By Timothy Aeppel 
   Of THE WALL STREET JOURNAL 
 

Cummins Inc. (CMI) reported better-than-expected third quarter results but warned that 2010 would remain a difficult year for the diesel-engine maker, especially in the advanced economies of North America and Europe.

"We expect next year, especially the first six months, to be even more challenging than this year," Chief Executive Tim Solso said.

(This story and related background material will be available on The Wall Street Journal Web site, wsj.com.)

Cummins expects strong growth in developing markets such as China, India and Brazil, but this will not be enough to offset headwinds it faces in those big developed markets. Cummins is a major producer of truck engines, a market where the company said it expects to see U.S. demand fall 75% in the first half of next year, compared with the second half of 2009.
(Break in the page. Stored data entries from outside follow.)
definition mul :: "'k::field nalg \<Rightarrow> 'k nalg \<Rightarrow> 'k nalg" where
  "mul p q = (\<Sum>s\<in>Poly_Mapping.keys p. \<Sum>t\<in>Poly_Mapping.keys q.
      Poly_Mapping.single (Node s t) (Poly_Mapping.lookup p s * Poly_Mapping.lookup q t))"

definition FA :: "nat \<Rightarrow> 'k::field nalg set" where
  "FA n = {p. \<forall>t\<in>Poly_Mapping.keys p. leaves t \<subseteq> {1..n}}"

definition FAdeg :: "nat \<Rightarrow> nat \<Rightarrow> 'k::field nalg set" where
  "FAdeg n k = {p \<in> FA n. \<forall>t\<in>Poly_Mapping.keys p. deg t = k}"

inductive_set acaa_ideal :: "nat \<Rightarrow> 'k::field nalg set" for n where
  anti: "x \<in> FA n \<Longrightarrow> y \<in> FA n \<Longrightarrow> mul x y + mul y x \<in> acaa_ideal n"
| cyc: "x1 \<in> FA n \<Longrightarrow> x2 \<in> FA n \<Longrightarrow> x3 \<in> FA n \<Longrightarrow>
          mul x1 (mul x2 x3) - mul x2 (mul x3 x1) \<in> acaa_ideal n"
| zero: "0 \<in> acaa_ideal n"
| add: "a \<in> acaa_ideal n \<Longrightarrow> b \<in> acaa_ideal n \<Longrightarrow> a + b \<in> acaa_ideal n"
| scal: "a \<in> acaa_ideal n \<Longrightarrow> smul c a \<in> acaa_ideal n"
| mulL: "a \<in> acaa_ideal n \<Longrightarrow> x \<in> FA n \<Longrightarrow> mul x a \<in> acaa_ideal n"
| mulR: "a \<in> acaa_ideal n \<Longrightarrow> x \<in> FA n \<Longrightarrow> mul a x \<in> acaa_ideal n"

text \<open>Congruence modulo the ideal: equality in the free Acaa-algebra
  F_Acaa(X_1..X_n) = FA n / acaa_ideal n.\<close>
definition acaa_eq :: "nat \<Rightarrow> 'k::field nalg \<Rightarrow> 'k nalg \<Rightarrow> bool" where
  "acaa_eq n p q \<longleftrightarrow> p - q \<in> acaa_ideal n"

end

theory Submission
  imports Defs
begin

text \<open>Anticommutativity makes the triple product [x,[y,z]] skew in y and z, and together with
  the cyclic identity also skew in x and y; so it is alternating, and in characteristic 0 it
  vanishes as soon as two arguments coincide. Sorting generators therefore reduces degrees 2 and 3
  to brackets of strictly increasing generators. In degree at least 4 every monomial is, up to sign,
  a triple product with a product in one of its slots, and all of these vanish because
  [x,[y,[z,w]]] = 0.\<close>

lemma lookup_smul [simp]: "Poly_Mapping.lookup (smul c p) t = c * Poly_Mapping.lookup p t"
  by (simp add: smul_def map.rep_eq when_def)

lemma lookup_mul_Node [simp]:
  "Poly_Mapping.lookup (mul p q) (Node s t) = Poly_Mapping.lookup p s * Poly_Mapping.lookup q t"
proof -
  have "Poly_Mapping.lookup (mul p q) (Node s t) =
     (\<Sum>s'\<in>Poly_Mapping.keys p. \<Sum>t'\<in>Poly_Mapping.keys q.
        (if s' = s \<and> t' = t then Poly_Mapping.lookup p s' * Poly_Mapping.lookup q t' else 0))"
    unfolding mul_def by (simp add: lookup_sum lookup_single when_def)
  also have "\<dots> = (\<Sum>s'\<in>Poly_Mapping.keys p.
        (if s' = s then Poly_Mapping.lookup p s' * Poly_Mapping.lookup q t else 0))"
    by (rule sum.cong) (auto simp: sum.delta' in_keys_iff)
  also have "\<dots> = Poly_Mapping.lookup p s * Poly_Mapping.lookup q t"
    by (auto simp: sum.delta' in_keys_iff)
  finally show ?thesis .
qed

lemma lookup_mul_Leaf [simp]: "Poly_Mapping.lookup (mul p q) (Leaf i) = 0"
  unfolding mul_def by (simp add: lookup_sum lookup_single when_def)

lemma mul_diff_right: "mul c (a - b) = mul c a - mul c b"
  by (rule poly_mapping_eqI, case_tac k) (auto simp: lookup_minus algebra_simps)

lemma mul_uminus_right: "mul c (- a) = - mul c a"
  by (rule poly_mapping_eqI, case_tac k) auto

lemma mul_single:
  "mul (Poly_Mapping.single s a) (Poly_Mapping.single t b) = Poly_Mapping.single (Node s t) (a * b)"
  by (rule poly_mapping_eqI, case_tac k) (auto simp: lookup_single when_def)

lemma smul_add_left: "smul (c + d) a = smul c a + smul d a"
  by (rule poly_mapping_eqI) (simp add: lookup_add algebra_simps)

lemma smul_diff: "smul c (a - b) = smul c a - smul c b"
  by (rule poly_mapping_eqI) (simp add: lookup_minus algebra_simps)

lemma smul_smul: "smul c (smul d a) = smul (c * d) a"
  by (rule poly_mapping_eqI) simp

lemma smul_minus_one: "smul (-1) a = - a"
  by (rule poly_mapping_eqI) simp

lemma smul_one [simp]: "smul 1 a = a"
  by (rule poly_mapping_eqI) simp

lemma smul_zero [simp]: "smul 0 a = 0" "smul c 0 = 0"
  by (rule poly_mapping_eqI, simp)+

lemma smul_single: "smul c (Poly_Mapping.single t a) = Poly_Mapping.single t (c * a)"
  by (rule poly_mapping_eqI) (simp add: lookup_single when_def)

lemma smul_sum: "smul c (sum f S) = (\<Sum>x\<in>S. smul c (f x))"
  by (rule poly_mapping_eqI) (simp add: lookup_sum sum_distrib_left)

lemma smul_half_double: "smul (1/2) (a + a) = (a :: 'k::field_char_0 nalg)"
  by (rule poly_mapping_eqI) (simp add: lookup_add)

lemma FA_iff: "p \<in> FA n \<longleftrightarrow> (\<forall>t. Poly_Mapping.lookup p t \<noteq> 0 \<longrightarrow> leaves t \<subseteq> {1..n})"
  by (auto simp: FA_def in_keys_iff)

lemma FA_mul [intro]:
  assumes "a \<in> FA n" and "b \<in> FA n"
  shows "mul a b \<in> FA n"
  unfolding FA_iff
proof (intro allI impI)
  fix t assume "Poly_Mapping.lookup (mul a b) t \<noteq> 0"
  with assms show "leaves t \<subseteq> {1..n}" by (cases t) (auto simp: FA_iff)
qed

lemma FA_gen [intro]: "i \<in> {1..n} \<Longrightarrow> gen i \<in> FA n"
  by (auto simp: FA_iff gen_def lookup_single when_def)

lemma FAdeg_keys:
  "p \<in> FAdeg n k \<Longrightarrow> t \<in> Poly_Mapping.keys p \<Longrightarrow> leaves t \<subseteq> {1..n} \<and> deg t = k"
  by (auto simp: FAdeg_def FA_def)

fun mon :: "mono \<Rightarrow> 'k::field nalg" where
  "mon (Leaf i) = gen i"
| "mon (Node s t) = mul (mon s) (mon t)"

lemma mon_eq_single: "mon t = Poly_Mapping.single t 1"
  by (induction t) (auto simp: gen_def mul_single)

lemma FA_mon [intro]: "leaves t \<subseteq> {1..n} \<Longrightarrow> mon t \<in> FA n"
  by (induction t) auto

lemma sum_keys_smul_mon: "(\<Sum>t\<in>Poly_Mapping.keys p. smul (Poly_Mapping.lookup p t) (mon t)) = p"
  by (rule poly_mapping_eqI)
    (auto simp: mon_eq_single smul_single lookup_sum lookup_single when_def sum.delta in_keys_iff)

lemma poly_mapping_mon_induct:
  assumes "P 0" "\<And>a b. P a \<Longrightarrow> P b \<Longrightarrow> P (a + b)" "\<And>c a. P a \<Longrightarrow> P (smul c a)"
    and "\<And>t. t \<in> Poly_Mapping.keys p \<Longrightarrow> P (mon t)"
  shows "P p"
proof -
  have "P (\<Sum>t\<in>S. smul (Poly_Mapping.lookup p t) (mon t))" if "S \<subseteq> Poly_Mapping.keys p" for S
  proof -
    have "finite S" using finite_keys that by (rule rev_finite_subset)
    then show ?thesis using that by induction (auto intro: assms)
  qed
  from this[OF subset_refl] show ?thesis by (simp add: sum_keys_smul_mon)
qed

lemma deg_ge_1: "deg t \<ge> 1"
  by (induction t) auto

lemma deg_eq_1_iff: "deg t = 1 \<longleftrightarrow> (\<exists>i. t = Leaf i)"
proof (cases t)
  case (Node s u)
  with deg_ge_1[of s] deg_ge_1[of u] show ?thesis by auto
qed auto

lemma deg_eq_2_iff: "deg t = 2 \<longleftrightarrow> (\<exists>i j. t = Node (Leaf i) (Leaf j))"
proof (cases t)
  case (Node s u)
  with deg_ge_1[of s] deg_ge_1[of u] have "deg t = 2 \<longleftrightarrow> deg s = 1 \<and> deg u = 1" by auto
  with Node show ?thesis by (simp only: deg_eq_1_iff) auto
qed auto

lemma deg_eq_3_iff:
  "deg t = 3 \<longleftrightarrow> (\<exists>i j k. t = Node (Leaf i) (Node (Leaf j) (Leaf k))
                          \<or> t = Node (Node (Leaf i) (Leaf j)) (Leaf k))"
proof (cases t)
  case (Node s u)
  with deg_ge_1[of s] deg_ge_1[of u] have "deg t = 3 \<longleftrightarrow>
      deg s = 1 \<and> deg u = 2 \<or> deg s = 2 \<and> deg u = 1" by auto
  with Node show ?thesis by (simp only: deg_eq_1_iff deg_eq_2_iff) auto
qed auto

lemma acaa_ideal_uminus: "a \<in> acaa_ideal n \<Longrightarrow> - a \<in> acaa_ideal n"
  using acaa_ideal.scal[of a n "-1"] by (simp add: smul_minus_one)

lemma acaa_eq_refl [intro]: "acaa_eq n a a"
  by (simp add: acaa_eq_def acaa_ideal.zero)

lemma acaa_eq_sym: "acaa_eq n a b \<Longrightarrow> acaa_eq n b a"
  unfolding acaa_eq_def using acaa_ideal_uminus[of "a - b" n] by simp

lemma acaa_eq_trans [trans]: "acaa_eq n a b \<Longrightarrow> acaa_eq n b c \<Longrightarrow> acaa_eq n a c"
  unfolding acaa_eq_def using acaa_ideal.add[of "a - b" n "b - c"] by simp

lemma acaa_eq_add: "acaa_eq n a b \<Longrightarrow> acaa_eq n c d \<Longrightarrow> acaa_eq n (a + c) (b + d)"
  unfolding acaa_eq_def using acaa_ideal.add[of "a - b" n "c - d"] by (simp add: algebra_simps)

lemma acaa_eq_smul: "acaa_eq n a b \<Longrightarrow> acaa_eq n (smul c a) (smul c b)"
  unfolding acaa_eq_def using acaa_ideal.scal[of "a - b" n c] by (simp add: smul_diff)

lemma acaa_eq_uminus: "acaa_eq n a b \<Longrightarrow> acaa_eq n (- a) (- b)"
  unfolding acaa_eq_def using acaa_ideal_uminus[of "a - b" n] by simp

lemma acaa_eq_mul_left: "acaa_eq n a b \<Longrightarrow> x \<in> FA n \<Longrightarrow> acaa_eq n (mul x a) (mul x b)"
  unfolding acaa_eq_def using acaa_ideal.mulL[of "a - b" n x] by (simp add: mul_diff_right)

lemma acaa_eq_mul_left_uminus:
  "acaa_eq n a (- b) \<Longrightarrow> x \<in> FA n \<Longrightarrow> acaa_eq n (mul x a) (- mul x b)"
  using acaa_eq_mul_left[of n a "- b" x] by (simp add: mul_uminus_right)

lemma acaa_eq_zero_if_eq_uminus:
  "acaa_eq n a (- a) \<Longrightarrow> acaa_eq n (a :: 'k::field_char_0 nalg) 0"
  unfolding acaa_eq_def using acaa_ideal.scal[of "a + a" n "1/2"] by (simp add: smul_half_double)

lemma acaa_eq_zero_if_eq_uminus_zero:
  "acaa_eq n a (- b) \<Longrightarrow> acaa_eq n b 0 \<Longrightarrow> acaa_eq n a 0"
  using acaa_eq_trans[of n a "- b" 0] acaa_eq_uminus[of n b 0] by simp

subsection \<open>Identities of the triple product\<close>

lemma acaa_eq_anticomm: "x \<in> FA n \<Longrightarrow> y \<in> FA n \<Longrightarrow> acaa_eq n (mul x y) (- mul y x)"
  unfolding acaa_eq_def using acaa_ideal.anti[of x n y] by simp

lemma acaa_eq_cyclic:
  "x \<in> FA n \<Longrightarrow> y \<in> FA n \<Longrightarrow> z \<in> FA n \<Longrightarrow> acaa_eq n (mul x (mul y z)) (mul y (mul z x))"
  unfolding acaa_eq_def using acaa_ideal.cyc by blast

lemma acaa_eq_mul_self: "x \<in> FA n \<Longrightarrow> acaa_eq n (mul x x) (0 :: 'k::field_char_0 nalg)"
  by (intro acaa_eq_zero_if_eq_uminus acaa_eq_anticomm)

lemma triple_swap23:
  "x \<in> FA n \<Longrightarrow> y \<in> FA n \<Longrightarrow> z \<in> FA n \<Longrightarrow> acaa_eq n (mul x (mul y z)) (- mul x (mul z y))"
  by (intro acaa_eq_mul_left_uminus acaa_eq_anticomm)

lemma triple_swap12:
  assumes "x \<in> FA n" "y \<in> FA n" "z \<in> FA n"
  shows "acaa_eq n (mul x (mul y z)) (- mul y (mul x z))"
proof -
  have "acaa_eq n (mul x (mul y z)) (- mul x (mul z y))" using assms by (rule triple_swap23)
  also have "acaa_eq n \<dots> (- mul z (mul y x))" using assms by (intro acaa_eq_uminus acaa_eq_cyclic)
  also have "acaa_eq n \<dots> (- mul y (mul x z))" using assms by (intro acaa_eq_uminus acaa_eq_cyclic)
  finally show ?thesis .
qed

text \<open>Write Q(x,y,z,w) for [x,[y,[z,w]]]. It is alternating in x,y and in z,w, and invariant
  under cycling y,z,w (cyclic identity inside); hence it is alternating in all four arguments and
  Q(x,y,z,w) = Q(z,w,x,y). On the other hand the cyclic identity and anticommutativity give
  Q(x,y,z,w) = [[z,w],[x,y]] = -[[x,y],[z,w]] = -Q(z,w,x,y).\<close>

lemma triple_right_product_zero:
  assumes "x \<in> FA n" "y \<in> FA n" "z \<in> FA n" "w \<in> FA n"
  shows "acaa_eq n (mul x (mul y (mul z w))) (0 :: 'k::field_char_0 nalg)"
proof (rule acaa_eq_zero_if_eq_uminus)
  have zw: "mul z w \<in> FA n" and xy: "mul x y \<in> FA n" using assms by auto
  have "acaa_eq n (mul x (mul y (mul z w))) (mul (mul z w) (mul x y))"
    using assms zw by (intro acaa_eq_sym[OF acaa_eq_cyclic])
  also have "acaa_eq n \<dots> (- mul (mul x y) (mul z w))"
    using zw xy by (rule acaa_eq_anticomm)
  also have "acaa_eq n \<dots> (- mul z (mul w (mul x y)))"
    using assms xy by (intro acaa_eq_uminus acaa_eq_cyclic)
  also have "acaa_eq n \<dots> (- mul z (mul x (mul y w)))"
    using assms by (intro acaa_eq_uminus acaa_eq_mul_left acaa_eq_cyclic)
  also have "acaa_eq n \<dots> (- (- mul x (mul z (mul y w))))"
    using assms by (intro acaa_eq_uminus triple_swap12) auto
  also have "acaa_eq n \<dots> (- (- mul x (mul y (mul w z))))"
    using assms by (intro acaa_eq_uminus acaa_eq_mul_left acaa_eq_cyclic)
  also have "acaa_eq n \<dots> (- (- (- mul x (mul y (mul z w)))))"
    using assms by (intro acaa_eq_uminus acaa_eq_mul_left_uminus triple_swap23)
  finally show "acaa_eq n (mul x (mul y (mul z w))) (- mul x (mul y (mul z w)))" by simp
qed

lemma triple_middle_product_zero:
  assumes "x \<in> FA n" "y \<in> FA n" "z \<in> FA n" "w \<in> FA n"
  shows "acaa_eq n (mul x (mul (mul y z) w)) (0 :: 'k::field_char_0 nalg)"
  using assms by (intro acaa_eq_zero_if_eq_uminus_zero[OF triple_swap23 triple_right_product_zero]) auto

lemma triple_left_product_zero:
  assumes "x \<in> FA n" "y \<in> FA n" "z \<in> FA n" "w \<in> FA n"
  shows "acaa_eq n (mul (mul x y) (mul z w)) (0 :: 'k::field_char_0 nalg)"
proof -
  have "acaa_eq n (mul (mul x y) (mul z w)) (mul z (mul w (mul x y)))"
    using assms by (intro acaa_eq_cyclic) auto
  also have "acaa_eq n \<dots> 0" using assms by (intro triple_right_product_zero)
  finally show ?thesis .
qed

subsection \<open>Vanishing in degree at least four\<close>

lemma mon_Node_Node_zero:
  assumes "leaves s \<union> leaves a \<union> leaves b \<subseteq> {1..n}" and "deg s + deg a + deg b \<ge> 4"
  shows "acaa_eq n (mon (Node s (Node a b))) (0 :: 'k::field_char_0 nalg)"
proof -
  from assms(2) deg_ge_1[of s] deg_ge_1[of a] deg_ge_1[of b]
  consider "deg s \<ge> 2" | "deg a \<ge> 2" | "deg b \<ge> 2" by linarith
  then show ?thesis
  proof cases
    case 1
    then obtain c d where "s = Node c d" by (cases s) auto
    with assms(1) show ?thesis by (simp add: triple_left_product_zero FA_mon)
  next
    case 2
    then obtain c d where "a = Node c d" by (cases a) auto
    with assms(1) show ?thesis by (simp add: triple_middle_product_zero FA_mon)
  next
    case 3
    then obtain c d where "b = Node c d" by (cases b) auto
    with assms(1) show ?thesis by (simp add: triple_right_product_zero FA_mon)
  qed
qed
U.S. truck sales are being impacted by new clean-air rules, which are causing a rush of sales this year by buyers trying to avoid the higher-priced cleaner engines that go on the market at the start of next year.

The company said it believes the third quarter marked the low point for its power-generation business, which makes generators used in applications such as construction sites and in recreational vehicles. That business fell sharply this year as customers used inventories rather than buying new machines. Order rates going up in India and China in particular, the company said.

"But we don't think Q1 or Q2 (2010) will be great for power generation, because the U.S. and Europe will be down year over year," said Tim Linebarger, the company's chief operating officer.